> **EXERCISE**
Would you retype every line below without changing anything?
════════
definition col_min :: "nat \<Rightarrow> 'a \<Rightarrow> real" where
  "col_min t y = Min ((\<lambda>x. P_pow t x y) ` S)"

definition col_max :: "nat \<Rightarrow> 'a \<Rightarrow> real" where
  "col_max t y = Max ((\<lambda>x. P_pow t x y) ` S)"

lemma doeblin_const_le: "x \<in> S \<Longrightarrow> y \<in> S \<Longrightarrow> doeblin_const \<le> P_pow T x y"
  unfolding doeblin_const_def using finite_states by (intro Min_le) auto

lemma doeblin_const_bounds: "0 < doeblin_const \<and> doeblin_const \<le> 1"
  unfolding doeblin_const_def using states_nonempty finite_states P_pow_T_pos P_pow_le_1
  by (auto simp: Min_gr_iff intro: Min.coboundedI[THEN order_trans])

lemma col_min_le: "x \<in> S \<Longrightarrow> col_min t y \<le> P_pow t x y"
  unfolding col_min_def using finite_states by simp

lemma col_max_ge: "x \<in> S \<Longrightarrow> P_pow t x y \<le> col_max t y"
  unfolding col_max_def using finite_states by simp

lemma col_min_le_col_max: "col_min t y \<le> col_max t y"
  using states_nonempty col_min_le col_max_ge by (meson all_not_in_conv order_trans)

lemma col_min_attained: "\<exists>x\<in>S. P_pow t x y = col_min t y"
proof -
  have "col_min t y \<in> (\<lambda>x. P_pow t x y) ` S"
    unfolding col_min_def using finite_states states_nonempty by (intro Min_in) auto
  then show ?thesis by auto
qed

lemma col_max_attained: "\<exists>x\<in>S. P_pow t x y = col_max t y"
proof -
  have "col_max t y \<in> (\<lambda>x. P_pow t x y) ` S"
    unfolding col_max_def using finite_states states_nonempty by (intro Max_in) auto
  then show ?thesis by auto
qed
════════
> **WORKED SOLUTION**
definition col_min :: "nat \<Rightarrow> 'a \<Rightarrow> real" where
  "col_min t y = Min ((\<lambda>x. P_pow t x y) ` S)"

definition col_max :: "nat \<Rightarrow> 'a \<Rightarrow> real" where
  "col_max t y = Max ((\<lambda>x. P_pow t x y) ` S)"

lemma doeblin_const_le: "x \<in> S \<Longrightarrow> y \<in> S \<Longrightarrow> doeblin_const \<le> P_pow T x y"
  unfolding doeblin_const_def using finite_states by (intro Min_le) auto

lemma doeblin_const_bounds: "0 < doeblin_const \<and> doeblin_const \<le> 1"
  unfolding doeblin_const_def using states_nonempty finite_states P_pow_T_pos P_pow_le_1
  by (auto simp: Min_gr_iff intro: Min.coboundedI[THEN order_trans])

lemma col_min_le: "x \<in> S \<Longrightarrow> col_min t y \<le> P_pow t x y"
  unfolding col_min_def using finite_states by simp

lemma col_max_ge: "x \<in> S \<Longrightarrow> P_pow t x y \<le> col_max t y"
  unfolding col_max_def using finite_states by simp

lemma col_min_le_col_max: "col_min t y \<le> col_max t y"
  using states_nonempty col_min_le col_max_ge by (meson all_not_in_conv order_trans)

lemma col_min_attained: "\<exists>x\<in>S. P_pow t x y = col_min t y"
proof -
  have "col_min t y \<in> (\<lambda>x. P_pow t x y) ` S"
    unfolding col_min_def using finite_states states_nonempty by (intro Min_in) auto
  then show ?thesis by auto
qed

lemma col_max_attained: "\<exists>x\<in>S. P_pow t x y = col_max t y"
proof -
  have "col_max t y \<in> (\<lambda>x. P_pow t x y) ` S"
    unfolding col_max_def using finite_states states_nonempty by (intro Max_in) auto
  then show ?thesis by auto
qed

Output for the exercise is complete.